Maximal number of candidates
The maximum number of candidates that will be generated for each word.
Maximal search time per word
The maximal time that will be spent on trying to find candidates.
Match length of subsyllabic segments
Checking this option will output only candidates with the same subsyllabic structure as the input word. This option speeds up the output because there are fewer candidates to consider.
Match letter length
Checking this option will generate candidates with the same number of letters as the input word. This option is redundant if the option above is checked.
Match transition frequencies (concentric search)

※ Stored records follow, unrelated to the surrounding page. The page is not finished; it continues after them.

lemma AE_section_borel_measurable:
  fixes f :: "'a::euclidean_space \<times> 'b::euclidean_space \<Rightarrow> real"
  assumes "f \<in> borel_measurable lebesgue"
  shows "AE t in lborel. \<exists>g\<in>borel_measurable lborel. AE x in lborel. f (t, x) = g x"
proof -
  obtain g where g: "g \<in> borel_measurable lborel" and fg: "AE p in lborel. f p = g p"
    using completion_ex_borel_measurable_real[OF assms] by blast
  have "AE p in lborel \<Otimes>\<^sub>M lborel. f p = g p"
    unfolding lborel_prod by (fact fg)
  then have "AE t in lborel. AE x in lborel. f (t, x) = g (t, x)"
    by (rule lborel_pair.AE_pair)
  then show ?thesis
  proof eventually_elim
    case (elim t)
    have "(\<lambda>x. g (t, x)) \<in> borel_measurable lborel"
      using g by measurable
    with elim show ?case
      by (intro bexI[where x="\<lambda>x. g (t, x)"])
  qed
qed

lemma AE_density_section_null_imp_null:
  fixes \<rho> :: "'a::euclidean_space \<Rightarrow> 'b::euclidean_space \<Rightarrow> real"
  assumes \<rho>: "(\<lambda>p. \<rho> (fst p) (snd p)) \<in> borel_measurable lebesgue"
    and pos: "AE p in lborel. p \<in> I \<times> S \<longrightarrow> 0 < \<rho> (fst p) (snd p)"
    and S: "S \<in> sets borel" and A: "A \<in> sets borel" "A \<subseteq> S"
  shows "AE t in lborel. t \<in> I \<longrightarrow>
    emeasure (density lborel (\<lambda>x. indicator S x * ennreal (\<rho> t x))) A = 0 \<longrightarrow> emeasure lborel A = 0"
proof -
  have "AE p in lborel \<Otimes>\<^sub>M lborel. p \<in> I \<times> S \<longrightarrow> 0 < \<rho> (fst p) (snd p)"
    unfolding lborel_prod by (fact pos)
  from lborel_pair.AE_pair[OF this]
  have "AE t in lborel. AE x in lborel. (t, x) \<in> I \<times> S \<longrightarrow> 0 < \<rho> t x"
    by simp
  with AE_section_borel_measurable[OF \<rho>] show ?thesis
  proof eventually_elim
    case (elim t)
    then obtain g where g: "g \<in> borel_measurable lborel" and fg: "AE x in lborel. \<rho> t x = g x"
      by auto
    show ?case
    proof (intro impI)
      assume "t \<in> I"
      with elim(2) have "AE x in lborel. x \<in> S \<longrightarrow> 0 < \<rho> t x"
        by (auto elim: AE_mp)
      moreover have "S \<in> sets lborel" "A \<in> sets lborel"
        using S A by simp_all
      ultimately show "emeasure (density lborel (\<lambda>x. indicator S x * ennreal (\<rho> t x))) A = 0 \<Longrightarrow>
          emeasure lborel A = 0"
        using emeasure_eq_0_if_density_eq_0[OF g fg _ _ _ A(2)] by blast
    qed
  qed
qed

lemma AE_greaterThanLessThan_imp:
  assumes "AE t in lborel. t \<in> {a<..<b} \<longrightarrow> P" and "(a::real) < b"
  shows P
proof (rule ccontr)
  assume "\<not> P"
  with assms(1) have "{a<..<b} \<in> null_sets lborel"
    using AE_iff_null_sets[of "{a<..<b}" lborel] by auto
  with assms(2) show False
    by (auto dest: null_setsD1)
qed

theorem mainTheorem8:
  fixes T :: real
    and b :: "real \<times> real \<Rightarrow> real \<times> real"
    and \<rho> :: "real \<Rightarrow> real \<times> real \<Rightarrow> real"
    and \<eta> :: "(real \<Rightarrow> real \<times> real) measure"
    and A :: "(real \<times> real) set"
  assumes T_pos: "T > 0"
    and b_borel: "b \<in> borel_measurable borel"
    and b_bounded: "\<exists>M. \<forall>x\<in>torus. norm (b x) \<le> M"
    and b_BV: "BV_torus b"
    and rho_meas: "(\<lambda>p. \<rho> (fst p) (snd p)) \<in> borel_measurable lebesgue"
    and ln_rho_Linf: "\<exists>C. AE p in lborel. p \<in> {0<..<T} \<times> torus \<longrightarrow>
                         \<rho> (fst p) (snd p) > 0 \<and> \<bar>ln (\<rho> (fst p) (snd p))\<bar> \<le> C"
    and cont_eq: "continuity_eq T b \<rho>"
    and eta_sets: "sets \<eta> = sets (Gamma_borel T)"
    and eta_finite: "finite_measure \<eta>"
    and eta_ode: "AE \<gamma> in \<eta>. \<forall>t\<in>{0..T}.
                    \<gamma> t = tproj (\<gamma> 0 + integral {0..t} (\<lambda>\<tau>. b (\<gamma> \<tau>)))"
    and eta_marg: "\<forall>t\<in>{0..T}. distr \<eta> borel (\<lambda>\<gamma>. \<gamma> t) =
                     density lborel (\<lambda>x. indicator torus x * ennreal (\<rho> t x))"
    and A_sub: "A \<subseteq> torus"
    and A_meas: "A \<in> sets borel"
  shows "emeasure lborel A = 0 \<longleftrightarrow> emeasure \<eta> (Gamma_A T A) = 0"
proof -
  interpret finite_measure \<eta> by fact
  have marginal: "emeasure \<eta> {\<gamma> \<in> space \<eta>. \<gamma> t \<in> A} =
      emeasure (density lborel (\<lambda>x. indicator torus x * ennreal (\<rho> t x))) A" if "t \<in> {0..T}" for t
  proof -
    have "{\<gamma> \<in> space \<eta>. \<gamma> t \<in> A} = (\<lambda>\<gamma>. \<gamma> t) -` A \<inter> space \<eta>"
      by auto
    then show ?thesis
      using emeasure_distr[OF measurable_eval[OF eta_sets that] A_meas] eta_marg that by simp
  qed
  have occupation: "emeasure \<eta> (Gamma_A T A) = 0 \<longleftrightarrow>
      (AE t in lborel. t \<in> {0..T} \<longrightarrow>
         emeasure (density lborel (\<lambda>x. indicator torus x * ennreal (\<rho> t x))) A = 0)"
    unfolding emeasure_Gamma_A_eq_0_iff[OF eta_sets sigma_finite_measure_axioms less_imp_le[OF T_pos] A_meas]
    by (intro AE_cong) (auto simp: marginal)
  obtain C where "AE p in lborel. p \<in> {0<..<T} \<times> torus \<longrightarrow>
      \<rho> (fst p) (snd p) > 0 \<and> \<bar>ln (\<rho> (fst p) (snd p))\<bar> \<le> C"
    using ln_rho_Linf by blast
  then have "AE p in lborel. p \<in> {0<..<T} \<times> torus \<longrightarrow> 0 < \<rho> (fst p) (snd p)"
    by eventually_elim auto
  from AE_density_section_null_imp_null[OF rho_meas this torus_sets_borel A_meas A_sub]
  have sections: "AE t in lborel. t \<in> {0<..<T} \<longrightarrow>
      emeasure (density lborel (\<lambda>x. indicator torus x * ennreal (\<rho> t x))) A = 0 \<longrightarrow>
      emeasure lborel A = 0" .
  show ?thesis
  proof
    assume "emeasure lborel A = 0"
    then show "emeasure \<eta> (Gamma_A T A) = 0"
      unfolding occupation using A_meas
      by (auto intro!: emeasure_density_eq_0_if_null_sets simp: null_sets_def)
  next
    assume "emeasure \<eta> (Gamma_A T A) = 0"
    with sections have "AE t in lborel. t \<in> {0<..<T} \<longrightarrow> emeasure lborel A = 0"
      unfolding occupation by eventually_elim auto
    then show "emeasure lborel A = 0"
      using T_pos by (rule AE_greaterThanLessThan_imp)
  qed
qed

end
(* Let $A\in\mathbb C^{d\times d}$ be non-invertible and $b\in\mathbb C^d$ be such that $C_{Az+b}$ is bounded on $\mathcal F(\mathbb C^d)$. Then $C_{Az+b}$ is not cyclic.
   Context: $\mathcal F(\mathbb C^d)$ is the Fock space of entire functions with $\|f\|^2=(2\pi)^{-d}\int_{\mathbb C^d}|f|^2e^{-|z|^2/2}dA<\infty$; $C_\varphi f=f\circ\varphi$, bounded iff $\varphi(z)=Az+b$, $\|A\|\le1$, $\langle Av,b\rangle=0$ whenever $|Av|=|v|$. An operator $T$ is cyclic if some $x$ has $\mathrm{span}\{T^nx:n\ge0\}$ dense. *)

theory Defs
  imports "HOL-Analysis.Analysis"
begin

text \<open>Points of C^d are vectors of type complex^'d (d = CARD('d)).
  Lebesgue measure lborel on complex^'d is the 2d-dimensional Lebesgue (area) measure dA.\<close>

definition clinear_map :: "(complex^'d \<Rightarrow> complex) \<Rightarrow> bool" where
  "clinear_map L \<longleftrightarrow> linear L \<and> (\<forall>c v. L (c *s v) = c * L v)"

definition entire_fun :: "(complex^'d \<Rightarrow> complex) \<Rightarrow> bool" where
  "entire_fun f \<longleftrightarrow> (\<forall>z. \<exists>L. clinear_map L \<and> (f has_derivative L) (at z))"

definition fock_sq :: "(complex^'d \<Rightarrow> complex) \<Rightarrow> ennreal" where
  "fock_sq f = ennreal ((2*pi) powr (- real CARD('d))) *
     (\<integral>\<^sup>+ z. ennreal ((cmod (f z))\<^sup>2 * exp (- (norm z)\<^sup>2 / 2)) \<partial>lborel)"

definition fock_space :: "(complex^'d \<Rightarrow> complex) set" where
  "fock_space = {f. entire_fun f \<and> fock_sq f < \<infinity>}"

definition fock_norm :: "(complex^'d \<Rightarrow> complex) \<Rightarrow> real" where
  "fock_norm f = sqrt (enn2real (fock_sq f))"

definition bounded_comp_op :: "(complex^'d \<Rightarrow> complex^'d) \<Rightarrow> bool" where
  "bounded_comp_op \<phi> \<longleftrightarrow>
     (\<forall>f\<in>fock_space. f \<circ> \<phi> \<in> fock_space) \<and>
     (\<exists>M. \<forall>f\<in>fock_space. fock_norm (f \<circ> \<phi>) \<le> M * fock_norm f)"

definition cyclic_comp_op :: "(complex^'d \<Rightarrow> complex^'d) \<Rightarrow> bool" where
  "cyclic_comp_op \<phi> \<longleftrightarrow>
     (\<exists>x\<in>fock_space. \<forall>g\<in>fock_space. \<forall>\<epsilon>>0. \<exists>N (c::nat \<Rightarrow> complex).
        fock_norm (\<lambda>z. g z - (\<Sum>k<N. c k * x ((\<phi> ^^ k) z))) < \<epsilon>)"

end

theory Submission
  imports Defs "HOL-Probability.Probability"
begin

text \<open>Choose \<open>v \<noteq> 0\<close> with \<open>A v = 0\<close>. Then \<open>\<phi>(z) = A z + b\<close> satisfies \<open>\<phi>(z + v) = \<phi>(z)\<close>, so
  every \<open>x \<circ> \<phi>\<^sup>k\<close> with \<open>k \<ge> 1\<close> is \<open>v\<close>-periodic. For a shift \<open>u\<close>, the functional \<open>\<Lambda>\<^sub>u\<close> sending
  \<open>F\<close> to the integral of \<open>F(z + u) - F(z + u + v)\<close> over the unit cube vanishes on \<open>v\<close>-periodic
  functions, and it is continuous for the Fock norm because the Gaussian weight is bounded below
  on compact sets. Hence on the span of the orbit of a cyclic vector \<open>x\<close> the pair \<open>(\<Lambda>\<^sub>0, \<Lambda>\<^sub>e)\<close>
  takes values on the complex line through \<open>(\<Lambda>\<^sub>0 x, \<Lambda>\<^sub>e x)\<close>, and by density it does so on the
  whole Fock space. But for a coordinate \<open>j\<close> with \<open>v\<^sub>j \<noteq> 0\<close> and \<open>e\<close> the \<open>j\<close>-th unit vector,
  \<open>z\<^sub>j\<close> and \<open>z\<^sub>j\<^sup>2\<close> give linearly independent pairs.\<close>

lemma nn_integral_gaussian_finite:
  fixes a :: real
  assumes "a > 0"
  shows "(\<integral>\<^sup>+x. ennreal (exp (- a * x\<^sup>2)) \<partial>lborel) < \<infinity>"
proof -
  define \<sigma> where "\<sigma> = sqrt (1 / (2 * a))"
  have \<sigma>: "2 * \<sigma>\<^sup>2 = 1 / a" "\<sigma> > 0"
    using assms by (auto simp: \<sigma>_def)
  have "exp (- a * x\<^sup>2) = sqrt (2 * pi * \<sigma>\<^sup>2) * normal_density 0 \<sigma> x" for x
    using assms \<sigma> by (simp add: normal_density_def field_simps)
  moreover have "integrable lborel (\<lambda>x. sqrt (2 * pi * \<sigma>\<^sup>2) * normal_density 0 \<sigma> x)"
    using \<sigma> by simp
  ultimately have "integrable lborel (\<lambda>x. exp (- a * x\<^sup>2))"
    by simp
  then show ?thesis
    by (simp add: integrable_iff_bounded)
qed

This option operates the concentric search algorithm as described above. First, the algorithm will try to generate candidates that exactly match the transition frequencies of the reference word. Then the maximal allowed deviation in transition frequencies will increase by powers of 2 (i.e., +/-2, +/-4, +/-8, etc.). Not checking this option will generate pseudowords without consideration for transition frequencies. However, because the problem space is less well defined in that case, it may take longer
Match subsyllabic segments
Here, a particular ratio of overlapping segments can be specified. The default value (2/3) generates candidates that are very word-like but not easily identifiable as related to an existing word.
This will give syllabified output. Unchecking this option will give plain
Indicates whether the generated form is a Word[W] or a Nonword [N]. This is particularly useful with the ‘Output Type>Both’ option in General Settings.
Checking this option will compute the average Orthographic Levenshtein Distance between the generated candidate and its twenty most similar words in the lexicon. This gives a good indication of the neighborhood size and density of the nonword. A small value of OLD20 indicates that many words can be made by changing a single letter (either by substitution, deletion, or insertion). The difference in OLD20 between the generated nonword and the reference word Is also shown. Lower values indicate that the candidate has a denser neighborhood. Setting this option considerably slows down Wuggy.
Neighbors at edit distance 1
This option outputs the number of orthographic neighbors at edit distance 1. This is the number of words that can be made from the candidate by substituting, deleting, or inserting a single letter. Setting this option slows down the algorithm considerably.
The figure above shows the output when both OLD20 and Neighbors at edit distance 1 have been selected for the target word milk. This output clearly shows that all but one of the proposed nonwords have fewer neighbors than the target word milk. For instance misk has eight neighbors of edit distance 1, which is three less than milk. Similarly, the average edit distance to the 20 closest neighbors is 1.6, which is .25 more than milk. Mife looks like a better choice than misk, as it has one neighbor more at edit distance 1 than milk, rather than three less. Given that OLD20 is an important variable in lexical decision RTs, researchers may prefer to keep this as close to the word value as possible, as long as it does not change the difference in transition frequency too much. This shows the advantage of having more than one candidate proposed by Wuggy.
Number of overlapping segments
With this option checked, the number of segments that overlap in the generated sequence and the reference sequence will be shown, expressed as a fraction.
This option shows the largest difference in transition frequencies between the subsyllabic segments in the generated sequence and those in the reference sequence. For instance, if this measure is 14, the generated sequence contains a transition that occurs in 14 more words than the equivalent transition in the reference sequence. The frequencies of all other transitions are closer to the frequencies of the transitions in the reference sequence. Checking this option will also output the sum of all transition frequency deviations (absolute values) and a column showing where in the string the maximally deviating transition is situated.